Exercise details: Starting with the line containing "(\<forall>C\<in>\<Pi>. \<forall>D. hereditary" and going on through the line containing "C \<and> (\<exists>c.", return the lines of the data below exactly, and only those.

Stored items from a collection
───
(* Let $\Delta$ be the hereditary class property "bounded maximum degree" and $\Lambda$ the hereditary class property "bounded connected components". Then $\Delta$ is the decomposition horizon of $\Lambda$. Moreover, $\Lambda^\ast=\Lambda^+=\Delta$.
   Context: Graphs are finite and simple. A hereditary class is a class of graphs closed under isomorphism and induced subgraphs. A hereditary class property is a set $\Pi$ of hereditary classes such that $\mathscr C\in\Pi$, $\mathscr D$ hereditary, $\mathscr D\subseteq\mathscr C$ imply $\mathscr D\in\Pi$. $\Delta$ is the set of hereditary classes $\mathscr C$ for which there is $d$ with every graph in $\mathscr C$ having maximum degree at most $d$; $\Lambda$ is the set of hereditary classes $\mathscr C$ for which there is $c$ with every connected component of every graph in $\mathscr C$ having at most $c$ vertices. For non-decreasing $f:\mathbb N\to\mathbb N$ and positive integer $p$, $\mathscr C$ has an $f$-bounded $\Pi$-decomposition with parameter $p$ if there is $\mathscr D_p\in\Pi$ such that every $G\in\mathscr C$ has a partition $V_1,\dots,V_N$ of $V(G)$ with $N\le f(|G|)$ and $G[V_{i_1}\cup\dots\cup V_{i_p}]\in\mathscr D_p$ for all $i_1,\dots,i_p\in[N]$. $\Pi^+$ (resp. $\Pi^\ast$) is the set of hereditary classes that, for every positive integer $p$, have an $f$-bounded $\Pi$-decomposition with parameter $p$ for some constant function $f$ (resp. some non-decreasing $f$ with $f(n)=n^{o(1)}$). $\Pi$ is a decomposition horizon if $\Pi^\ast=\Pi$; the decomposition horizon of $\Lambda$ is the smallest (under inclusion) decomposition horizon containing $\Lambda$. *)

theory Defs
  imports Complex_Main
begin

text \<open>Finite simple graphs with vertices drawn from nat (every finite graph is
isomorphic to one of these). A graph is a pair (V, E) with V finite and E a set
of 2-element subsets of V.\<close>

type_synonym ngraph = "nat set \<times> nat set set"

definition verts :: "ngraph \<Rightarrow> nat set" where "verts G = fst G"
definition edges :: "ngraph \<Rightarrow> nat set set" where "edges G = snd G"

definition is_graph :: "ngraph \<Rightarrow> bool" where
  "is_graph G \<longleftrightarrow> finite (verts G) \<and>
     (\<forall>e\<in>edges G. \<exists>x y. x \<noteq> y \<and> x \<in> verts G \<and> y \<in> verts G \<and> e = {x, y})"

definition adj :: "ngraph \<Rightarrow> nat \<Rightarrow> nat \<Rightarrow> bool" where
  "adj G x y \<longleftrightarrow> {x, y} \<in> edges G"

definition induced :: "ngraph \<Rightarrow> nat set \<Rightarrow> ngraph" where
  "induced G S = (S \<inter> verts G, {e \<in> edges G. e \<subseteq> S})"

definition graph_iso :: "ngraph \<Rightarrow> ngraph \<Rightarrow> bool" where
  "graph_iso G H \<longleftrightarrow> (\<exists>f. bij_betw f (verts G) (verts H) \<and>
     (\<forall>x\<in>verts G. \<forall>y\<in>verts G. adj G x y \<longleftrightarrow> adj H (f x) (f y)))"

definition hereditary :: "ngraph set \<Rightarrow> bool" where
  "hereditary C \<longleftrightarrow> (\<forall>G\<in>C. is_graph G) \<and>
     (\<forall>G\<in>C. \<forall>H. is_graph H \<and> graph_iso G H \<longrightarrow> H \<in> C) \<and>
     (\<forall>G\<in>C. \<forall>S. S \<subseteq> verts G \<longrightarrow> induced G S \<in> C)"

definition hered_property :: "ngraph set set \<Rightarrow> bool" where
  "hered_property \<Pi> \<longleftrightarrow> (\<forall>C\<in>\<Pi>. hereditary C) \<and>
     (\<forall>C\<in>\<Pi>. \<forall>D. hereditary D \<and> D \<subseteq> C \<longrightarrow> D \<in> \<Pi>)"

definition degree :: "ngraph \<Rightarrow> nat \<Rightarrow> nat" where
  "degree G v = card {u \<in> verts G. adj G u v}"

definition component :: "ngraph \<Rightarrow> nat \<Rightarrow> nat set" where
  "component G v = {u. (adj G)\<^sup>*\<^sup>* v u}"

definition Delta :: "ngraph set set" where
  "Delta = {C. hereditary C \<and> (\<exists>d. \<forall>G\<in>C. \<forall>v\<in>verts G. degree G v \<le> d)}"

definition Lambda :: "ngraph set set" where
  "Lambda = {C. hereditary C \<and> (\<exists>c. \<forall>G\<in>C. \<forall>v\<in>verts G. card (component G v) \<le> c)}"

text \<open>C has an f-bounded Pi-decomposition with parameter p. The partition is
given as parts P 0, ..., P (N-1) (pairwise disjoint, covering V(G)).\<close>
definition has_decomp :: "ngraph set set \<Rightarrow> ngraph set \<Rightarrow> (nat \<Rightarrow> nat) \<Rightarrow> nat \<Rightarrow> bool" where
  "has_decomp \<Pi> C f p \<longleftrightarrow> (\<exists>D\<in>\<Pi>. \<forall>G\<in>C. \<exists>N P.
      N \<le> f (card (verts G)) \<and>
      (\<Union>i<N. P i) = verts G \<and>
      (\<forall>i<N. \<forall>j<N. i \<noteq> j \<longrightarrow> P i \<inter> P j = {}) \<and>
      (\<forall>idx :: nat \<Rightarrow> nat. (\<forall>k<p. idx k < N) \<longrightarrow>
          induced G (\<Union>k<p. P (idx k)) \<in> D))"

definition plus_closure :: "ngraph set set \<Rightarrow> ngraph set set" where
  "plus_closure \<Pi> = {C. hereditary C \<and>
     (\<forall>p>0. \<exists>c::nat. has_decomp \<Pi> C (\<lambda>_. c) p)}"

text \<open>f(n) = n^{o(1)}: for every eps > 0, eventually f(n) <= n powr eps.\<close>
definition subpoly :: "(nat \<Rightarrow> nat) \<Rightarrow> bool" where
  "subpoly f \<longleftrightarrow> (\<forall>\<epsilon>::real>0. eventually (\<lambda>n. real (f n) \<le> real n powr \<epsilon>) at_top)"

definition star_closure :: "ngraph set set \<Rightarrow> ngraph set set" where
  "star_closure \<Pi> = {C. hereditary C \<and>
     (\<forall>p>0. \<exists>f. mono f \<and> subpoly f \<and> has_decomp \<Pi> C f p)}"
───
Response to the exercise:
     (\<forall>C\<in>\<Pi>. \<forall>D. hereditary D \<and> D \<subseteq> C \<longrightarrow> D \<in> \<Pi>)"

definition degree :: "ngraph \<Rightarrow> nat \<Rightarrow> nat" where
  "degree G v = card {u \<in> verts G. adj G u v}"

definition component :: "ngraph \<Rightarrow> nat \<Rightarrow> nat set" where
  "component G v = {u. (adj G)\<^sup>*\<^sup>* v u}"

definition Delta :: "ngraph set set" where
  "Delta = {C. hereditary C \<and> (\<exists>d. \<forall>G\<in>C. \<forall>v\<in>verts G. degree G v \<le> d)}"

definition Lambda :: "ngraph set set" where
  "Lambda = {C. hereditary C \<and> (\<exists>c. \<forall>G\<in>C. \<forall>v\<in>verts G. card (component G v) \<le> c)}"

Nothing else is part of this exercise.